(DATA IN THIS EXERCISE begins)

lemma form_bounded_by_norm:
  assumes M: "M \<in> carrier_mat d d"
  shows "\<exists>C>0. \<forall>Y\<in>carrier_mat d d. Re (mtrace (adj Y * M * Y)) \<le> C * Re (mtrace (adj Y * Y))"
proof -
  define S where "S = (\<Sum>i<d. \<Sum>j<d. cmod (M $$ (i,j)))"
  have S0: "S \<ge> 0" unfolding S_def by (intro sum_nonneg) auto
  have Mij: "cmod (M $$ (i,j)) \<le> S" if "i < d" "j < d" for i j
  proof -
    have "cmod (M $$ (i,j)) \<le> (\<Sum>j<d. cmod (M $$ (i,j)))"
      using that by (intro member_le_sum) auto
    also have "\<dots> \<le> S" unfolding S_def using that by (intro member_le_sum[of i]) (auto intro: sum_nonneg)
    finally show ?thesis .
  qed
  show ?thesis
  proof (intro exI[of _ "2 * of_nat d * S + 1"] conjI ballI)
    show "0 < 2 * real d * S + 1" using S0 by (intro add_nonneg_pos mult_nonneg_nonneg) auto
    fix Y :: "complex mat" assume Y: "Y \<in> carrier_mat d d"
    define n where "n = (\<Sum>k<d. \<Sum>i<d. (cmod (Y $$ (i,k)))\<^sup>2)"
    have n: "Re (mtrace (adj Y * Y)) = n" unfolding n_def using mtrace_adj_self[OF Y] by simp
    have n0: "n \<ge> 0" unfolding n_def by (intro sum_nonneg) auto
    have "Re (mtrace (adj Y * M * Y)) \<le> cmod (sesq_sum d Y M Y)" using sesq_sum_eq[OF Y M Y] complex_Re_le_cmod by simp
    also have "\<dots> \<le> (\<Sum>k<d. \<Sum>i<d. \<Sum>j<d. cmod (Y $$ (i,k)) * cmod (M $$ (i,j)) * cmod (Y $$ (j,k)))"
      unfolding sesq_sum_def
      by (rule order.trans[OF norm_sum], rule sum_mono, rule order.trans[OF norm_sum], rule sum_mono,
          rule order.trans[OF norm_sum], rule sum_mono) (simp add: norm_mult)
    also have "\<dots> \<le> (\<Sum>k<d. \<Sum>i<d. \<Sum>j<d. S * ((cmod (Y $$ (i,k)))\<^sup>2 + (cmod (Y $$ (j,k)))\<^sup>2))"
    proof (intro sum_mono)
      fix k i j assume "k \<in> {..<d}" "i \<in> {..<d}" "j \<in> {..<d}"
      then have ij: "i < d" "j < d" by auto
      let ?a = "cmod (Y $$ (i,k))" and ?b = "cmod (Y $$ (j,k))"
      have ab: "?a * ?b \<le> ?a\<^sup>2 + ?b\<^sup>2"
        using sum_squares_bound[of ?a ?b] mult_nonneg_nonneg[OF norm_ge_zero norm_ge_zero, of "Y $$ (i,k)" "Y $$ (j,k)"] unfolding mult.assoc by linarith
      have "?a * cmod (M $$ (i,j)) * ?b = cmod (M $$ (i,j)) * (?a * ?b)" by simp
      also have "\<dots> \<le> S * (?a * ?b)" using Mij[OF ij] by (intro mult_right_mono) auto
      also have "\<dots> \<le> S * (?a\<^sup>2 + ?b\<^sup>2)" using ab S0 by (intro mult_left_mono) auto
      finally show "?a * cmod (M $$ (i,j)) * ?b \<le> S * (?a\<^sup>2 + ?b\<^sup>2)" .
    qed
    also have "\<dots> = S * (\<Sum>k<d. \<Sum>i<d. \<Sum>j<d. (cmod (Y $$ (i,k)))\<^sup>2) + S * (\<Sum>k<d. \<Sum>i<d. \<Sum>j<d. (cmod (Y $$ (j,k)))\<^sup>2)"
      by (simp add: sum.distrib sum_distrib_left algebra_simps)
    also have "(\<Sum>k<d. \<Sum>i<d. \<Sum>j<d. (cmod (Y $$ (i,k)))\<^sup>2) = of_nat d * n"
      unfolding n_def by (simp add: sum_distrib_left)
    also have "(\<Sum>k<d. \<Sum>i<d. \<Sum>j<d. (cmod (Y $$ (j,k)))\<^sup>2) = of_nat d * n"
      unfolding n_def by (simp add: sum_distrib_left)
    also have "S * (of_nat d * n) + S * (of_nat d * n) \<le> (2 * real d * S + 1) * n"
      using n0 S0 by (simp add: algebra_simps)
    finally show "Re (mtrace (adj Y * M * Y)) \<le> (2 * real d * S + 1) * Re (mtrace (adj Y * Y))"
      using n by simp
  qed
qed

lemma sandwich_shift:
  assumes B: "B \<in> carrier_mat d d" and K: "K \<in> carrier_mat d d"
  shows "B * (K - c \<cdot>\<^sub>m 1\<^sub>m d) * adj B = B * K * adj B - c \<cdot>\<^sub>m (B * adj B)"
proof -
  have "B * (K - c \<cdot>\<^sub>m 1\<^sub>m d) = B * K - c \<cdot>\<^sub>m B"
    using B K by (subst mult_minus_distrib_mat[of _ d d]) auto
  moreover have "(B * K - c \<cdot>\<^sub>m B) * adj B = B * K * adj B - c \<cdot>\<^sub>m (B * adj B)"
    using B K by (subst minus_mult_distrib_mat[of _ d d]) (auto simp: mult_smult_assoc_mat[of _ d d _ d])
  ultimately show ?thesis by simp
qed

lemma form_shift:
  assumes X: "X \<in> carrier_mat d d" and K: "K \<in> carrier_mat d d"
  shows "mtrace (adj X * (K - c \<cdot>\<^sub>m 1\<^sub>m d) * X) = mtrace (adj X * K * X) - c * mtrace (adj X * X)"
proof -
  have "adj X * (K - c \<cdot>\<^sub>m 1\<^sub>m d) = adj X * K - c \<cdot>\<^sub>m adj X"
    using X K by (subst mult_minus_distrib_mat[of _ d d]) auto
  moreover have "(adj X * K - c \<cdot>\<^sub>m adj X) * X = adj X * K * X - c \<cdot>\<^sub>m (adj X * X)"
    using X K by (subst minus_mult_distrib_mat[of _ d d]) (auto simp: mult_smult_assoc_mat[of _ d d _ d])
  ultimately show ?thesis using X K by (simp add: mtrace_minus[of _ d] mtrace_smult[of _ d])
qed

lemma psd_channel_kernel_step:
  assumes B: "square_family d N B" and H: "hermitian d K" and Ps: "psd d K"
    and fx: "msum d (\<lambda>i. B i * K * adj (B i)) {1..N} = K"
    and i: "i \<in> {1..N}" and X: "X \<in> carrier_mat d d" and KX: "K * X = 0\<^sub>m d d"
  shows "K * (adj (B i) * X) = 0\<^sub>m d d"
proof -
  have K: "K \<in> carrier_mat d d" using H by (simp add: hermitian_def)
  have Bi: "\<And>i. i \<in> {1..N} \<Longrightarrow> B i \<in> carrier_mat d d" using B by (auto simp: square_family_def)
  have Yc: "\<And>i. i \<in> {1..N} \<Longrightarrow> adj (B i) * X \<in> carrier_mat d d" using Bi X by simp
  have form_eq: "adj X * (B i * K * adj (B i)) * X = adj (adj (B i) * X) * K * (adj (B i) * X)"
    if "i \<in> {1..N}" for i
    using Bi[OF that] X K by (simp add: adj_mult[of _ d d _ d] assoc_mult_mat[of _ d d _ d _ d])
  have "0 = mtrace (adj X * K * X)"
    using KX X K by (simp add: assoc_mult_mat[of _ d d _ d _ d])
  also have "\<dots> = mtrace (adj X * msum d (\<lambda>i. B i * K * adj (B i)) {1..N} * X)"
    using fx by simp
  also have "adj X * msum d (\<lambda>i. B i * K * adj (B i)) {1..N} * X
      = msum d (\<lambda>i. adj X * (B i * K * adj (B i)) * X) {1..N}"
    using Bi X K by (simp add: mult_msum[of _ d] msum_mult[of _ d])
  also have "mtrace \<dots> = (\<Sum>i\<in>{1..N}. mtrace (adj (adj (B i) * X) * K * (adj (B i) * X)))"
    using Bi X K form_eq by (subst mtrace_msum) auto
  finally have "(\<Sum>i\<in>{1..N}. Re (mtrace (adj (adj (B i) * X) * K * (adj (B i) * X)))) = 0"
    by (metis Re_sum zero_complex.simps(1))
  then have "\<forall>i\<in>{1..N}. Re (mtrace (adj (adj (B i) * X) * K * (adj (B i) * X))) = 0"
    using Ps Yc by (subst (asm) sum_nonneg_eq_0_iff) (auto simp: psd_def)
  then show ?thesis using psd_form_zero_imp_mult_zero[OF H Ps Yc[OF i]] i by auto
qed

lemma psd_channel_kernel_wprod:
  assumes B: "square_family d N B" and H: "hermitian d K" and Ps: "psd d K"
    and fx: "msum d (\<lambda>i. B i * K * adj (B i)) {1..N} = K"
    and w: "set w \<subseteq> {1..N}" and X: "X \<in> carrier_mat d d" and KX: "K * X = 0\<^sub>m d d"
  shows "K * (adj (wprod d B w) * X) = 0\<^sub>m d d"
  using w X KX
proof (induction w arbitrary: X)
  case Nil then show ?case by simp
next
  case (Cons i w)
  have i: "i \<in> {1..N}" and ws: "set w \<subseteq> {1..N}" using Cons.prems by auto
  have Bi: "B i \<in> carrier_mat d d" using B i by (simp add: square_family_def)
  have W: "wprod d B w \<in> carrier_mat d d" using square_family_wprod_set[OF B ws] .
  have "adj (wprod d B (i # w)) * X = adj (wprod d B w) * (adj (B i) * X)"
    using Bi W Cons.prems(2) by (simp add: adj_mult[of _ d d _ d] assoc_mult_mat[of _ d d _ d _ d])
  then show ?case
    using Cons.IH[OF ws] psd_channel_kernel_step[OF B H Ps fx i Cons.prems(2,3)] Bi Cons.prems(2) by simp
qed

(DATA IN THIS EXERCISE ends)
(DATA IN THIS EXERCISE begins)

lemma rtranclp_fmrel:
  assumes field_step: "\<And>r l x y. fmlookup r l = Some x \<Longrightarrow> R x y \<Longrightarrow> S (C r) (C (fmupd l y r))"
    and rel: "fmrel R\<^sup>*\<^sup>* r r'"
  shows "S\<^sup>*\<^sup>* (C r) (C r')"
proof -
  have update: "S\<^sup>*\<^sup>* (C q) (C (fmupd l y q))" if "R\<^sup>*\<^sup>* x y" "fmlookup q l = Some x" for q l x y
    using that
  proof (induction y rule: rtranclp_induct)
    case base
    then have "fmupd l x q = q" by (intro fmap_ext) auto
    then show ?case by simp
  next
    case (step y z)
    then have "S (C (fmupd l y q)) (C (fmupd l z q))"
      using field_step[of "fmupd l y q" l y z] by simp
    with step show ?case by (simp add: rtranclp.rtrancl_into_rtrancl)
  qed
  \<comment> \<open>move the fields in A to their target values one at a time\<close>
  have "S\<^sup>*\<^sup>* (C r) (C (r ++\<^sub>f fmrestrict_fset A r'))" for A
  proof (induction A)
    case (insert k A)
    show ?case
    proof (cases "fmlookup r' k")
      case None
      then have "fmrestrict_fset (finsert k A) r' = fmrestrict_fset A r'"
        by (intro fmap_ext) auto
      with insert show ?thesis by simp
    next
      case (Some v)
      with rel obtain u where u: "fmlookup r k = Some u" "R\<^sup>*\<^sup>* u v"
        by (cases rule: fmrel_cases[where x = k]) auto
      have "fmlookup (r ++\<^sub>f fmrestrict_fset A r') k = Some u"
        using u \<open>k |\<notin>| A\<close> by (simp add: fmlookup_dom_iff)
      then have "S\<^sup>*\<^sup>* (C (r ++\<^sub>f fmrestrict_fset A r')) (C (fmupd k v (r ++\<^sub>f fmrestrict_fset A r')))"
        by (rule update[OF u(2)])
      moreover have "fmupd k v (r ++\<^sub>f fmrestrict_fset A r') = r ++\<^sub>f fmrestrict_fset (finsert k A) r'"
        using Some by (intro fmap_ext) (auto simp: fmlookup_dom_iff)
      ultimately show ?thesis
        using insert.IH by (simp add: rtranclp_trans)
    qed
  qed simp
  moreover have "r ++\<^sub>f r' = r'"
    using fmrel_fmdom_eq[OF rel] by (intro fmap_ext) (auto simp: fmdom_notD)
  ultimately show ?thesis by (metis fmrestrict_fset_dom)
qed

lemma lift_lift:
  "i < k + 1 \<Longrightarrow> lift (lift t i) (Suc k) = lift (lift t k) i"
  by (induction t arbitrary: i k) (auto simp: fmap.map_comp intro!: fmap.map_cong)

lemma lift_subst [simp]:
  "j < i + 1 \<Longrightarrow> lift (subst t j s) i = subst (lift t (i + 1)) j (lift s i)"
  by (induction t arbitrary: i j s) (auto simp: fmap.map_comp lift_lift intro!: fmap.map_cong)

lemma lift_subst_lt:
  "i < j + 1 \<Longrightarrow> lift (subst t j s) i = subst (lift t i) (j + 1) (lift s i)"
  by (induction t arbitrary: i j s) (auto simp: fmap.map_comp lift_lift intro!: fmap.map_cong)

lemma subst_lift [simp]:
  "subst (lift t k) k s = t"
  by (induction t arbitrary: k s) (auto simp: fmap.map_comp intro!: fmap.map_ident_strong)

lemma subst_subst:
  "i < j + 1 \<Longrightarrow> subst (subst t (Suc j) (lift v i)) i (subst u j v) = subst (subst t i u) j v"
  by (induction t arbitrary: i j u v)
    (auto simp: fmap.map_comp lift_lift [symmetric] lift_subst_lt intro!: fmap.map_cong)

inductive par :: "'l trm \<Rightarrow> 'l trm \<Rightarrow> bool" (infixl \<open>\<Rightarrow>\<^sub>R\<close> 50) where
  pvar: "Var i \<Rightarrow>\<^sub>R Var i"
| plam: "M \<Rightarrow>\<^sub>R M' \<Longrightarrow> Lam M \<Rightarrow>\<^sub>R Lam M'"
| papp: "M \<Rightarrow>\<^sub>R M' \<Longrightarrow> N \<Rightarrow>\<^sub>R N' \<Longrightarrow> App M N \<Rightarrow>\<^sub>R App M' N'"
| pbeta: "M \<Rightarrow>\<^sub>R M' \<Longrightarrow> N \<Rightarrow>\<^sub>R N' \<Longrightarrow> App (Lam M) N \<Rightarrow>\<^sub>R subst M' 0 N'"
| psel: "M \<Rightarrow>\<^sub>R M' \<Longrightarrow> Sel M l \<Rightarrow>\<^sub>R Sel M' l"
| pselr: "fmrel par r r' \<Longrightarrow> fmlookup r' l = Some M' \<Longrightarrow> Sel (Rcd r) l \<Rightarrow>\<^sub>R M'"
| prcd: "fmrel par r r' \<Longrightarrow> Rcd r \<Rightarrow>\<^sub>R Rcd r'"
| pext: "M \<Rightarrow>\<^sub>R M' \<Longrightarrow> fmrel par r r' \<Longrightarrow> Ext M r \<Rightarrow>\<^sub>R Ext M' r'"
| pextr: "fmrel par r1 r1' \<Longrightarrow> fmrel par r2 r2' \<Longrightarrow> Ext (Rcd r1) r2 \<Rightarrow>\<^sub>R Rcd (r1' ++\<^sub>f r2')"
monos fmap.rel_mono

(DATA IN THIS EXERCISE ends)

WHAT THE TASK REQUIRES
Write out only the lines that run from the line containing "r') = r ++\<^sub>f" through the line containing "using fmrel_fmdom_eq[OF rel]", both included, exactly as they appear above.

YOUR RESPONSE
      moreover have "fmupd k v (r ++\<^sub>f fmrestrict_fset A r') = r ++\<^sub>f fmrestrict_fset (finsert k A) r'"
        using Some by (intro fmap_ext) (auto simp: fmlookup_dom_iff)
      ultimately show ?thesis
        using insert.IH by (simp add: rtranclp_trans)
    qed
  qed simp
  moreover have "r ++\<^sub>f r' = r'"
    using fmrel_fmdom_eq[OF rel] by (intro fmap_ext) (auto simp: fmdom_notD)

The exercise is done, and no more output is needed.